The Azrael Tales Mirador - The Azrael Tales (Rivel) 2005

1. "Redeemer" (5:27)
2. "Phoenix Syndrome" (5:46)
3. "No Lose Cut" (4:43)
4. "Post Believers" (5:46)
5. "Perfect Plan" (4:15)
6. "Soul Distinction" (6:54)
7. "The Trial" (5:08)
8. "Thief" (5:45)
9. "New Day" (5:50)
10. "Metropolis Metamorphosis" (6:48)

Mirador are a new Swedish heavy metal band whose debut album is filled with epic, progressive heavy metal. However, when one thinks of progressive, usually bands like Dream Theater or Fates Warning come to mind. Mirador are much different from any of these bands and incorporate elements of doom and classic metal like Black Sabbath. Labelmates Veni Domine might be a closer comparison, however, even these two bands don't sound exactly like one another. "The Azrael Tales" starts off with an eerie, heavy song that seems to have a heavy Marylin Manson influence. I could be wrong here, but it sure reminded me of Manson. After this, however, the similarites are no longer there. Actually, I would describe the rest of the album as progressive doom metal. "Phoenix Syndrome", "No Lose Cut" and "Post Believers" all have that slow plodding sound that echoes bands like Candlemass and Veni Domine. "Post Believers" in particular is a standout cut.

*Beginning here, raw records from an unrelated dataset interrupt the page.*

(* Assume $\xi\neq0$. Then the fixed locus $\mathcal M^{N,K}(M_1,M_2)^{\mathbf T_{\mathrm{edge}}}$ is proper (compact).
   Context: Fix integers $N,K,M_1,M_2\ge0$ and $\xi\neq 0$. $\mathcal M^{N,K}(M_1,M_2)$ is the quotient by $U(M_1)\times U(M_2)$ of the space of tuples $(X,Y,I,J,\tilde X,\tilde Y,\tilde I,\tilde J,S)$ with $X,Y\in\mathrm{End}(\mathbb C^{M_1})$, $I\in\mathrm{Hom}(\mathbb C^N,\mathbb C^{M_1})$, $J\in\mathrm{Hom}(\mathbb C^{M_1},\mathbb C^N)$, $\tilde X,\tilde Y\in\mathrm{End}(\mathbb C^{M_2})$, $\tilde I\in\mathrm{Hom}(\mathbb C^K,\mathbb C^{M_2})$, $\tilde J\in\mathrm{Hom}(\mathbb C^{M_2},\mathbb C^K)$, $S\in\mathrm{Hom}(\mathbb C^{M_1},\mathbb C^{M_2})$ satisfying $[X,Y]+IJ=0$, $[\tilde X,\tilde Y]+\tilde I\tilde J=0$, $[X,X^\dagger]+[Y,Y^\dagger]+II^\dagger-J^\dagger J-S^\dagger S=\xi1_{M_1}$, $[\tilde X,\tilde X^\dagger]+[\tilde Y,\tilde Y^\dagger]+\tilde I\tilde I^\dagger-\tilde J^\dagger\tilde J+SS^\dagger=\xi1_{M_2}$, where $(g,h)$ acts by $X\mapsto gXg^{-1}$, $Y\mapsto gYg^{-1}$, $I\mapsto gI$, $J\mapsto Jg^{-1}$, similarly for tilded maps with $h$, $S\mapsto hSg^{-1}$. The torus $\mathbf T_{\mathrm{edge}}=(\mathbb C^\times)^5\ni(r_1,r_2,s_1,s_2,t)$ acts by $(X,Y,I,J)\mapsto(r_1X,r_2Y,I,r_1r_2J)$, $(\tilde X,\tilde Y,\tilde I,\tilde J)\mapsto(s_1\tilde X,s_2\tilde Y,\tilde I,s_1s_2\tilde J)$, $S\mapsto tS$. *)

theory Defs
  imports "HOL-Analysis.Analysis"
begin

text \<open>Complex matrices are represented as functions nat => nat => complex;
  an m x n matrix is one vanishing outside rows < m and columns < n.\<close>

type_synonym cmat = "nat \<Rightarrow> nat \<Rightarrow> complex"

definition mat_in :: "nat \<Rightarrow> nat \<Rightarrow> cmat \<Rightarrow> bool" where
  "mat_in m n A \<longleftrightarrow> (\<forall>i j. (m \<le> i \<or> n \<le> j) \<longrightarrow> A i j = 0)"

definition mmul :: "nat \<Rightarrow> cmat \<Rightarrow> cmat \<Rightarrow> cmat" where
  "mmul p A B = (\<lambda>i j. \<Sum>k<p. A i k * B k j)"

definition madj :: "cmat \<Rightarrow> cmat" where
  "madj A = (\<lambda>i j. cnj (A j i))"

I enjoyed the diversity within this song and felt it was one of the strongest vocal performances on the CD. "Perfect Plan" has a slight Middle Eastern feel to it. I also felt the choir arrangements really worked well on this song. Actually the large choir sound is used throughout the CD and give the album a very big feel. "Soul Distinction" features some beautiful acoustic passages mixed with the heavy, industrial sounding guitar riffs that really makes for a dynamic song. This song has a very haunting feel to it and is also one of the longer, more epic songs on the disc. "The Trial", "Thief" and "New Day" resume the heavier, doomier sound. "Metropolis Metamorphosis" finishes the CD off with a slightly more upbeat and dynamic cut. The production on this album is very good. All the instruments, as well as the added little nuances here and there are all heard clearly. I must also make mention of the lyrics which are poetic and obviously written from a Christian, spiritual viewpoint. I am not sure that this band would label themselves as a "Christian band" but their lyrics lead me to believe that at least the songwriter has a fascination with Biblical themes.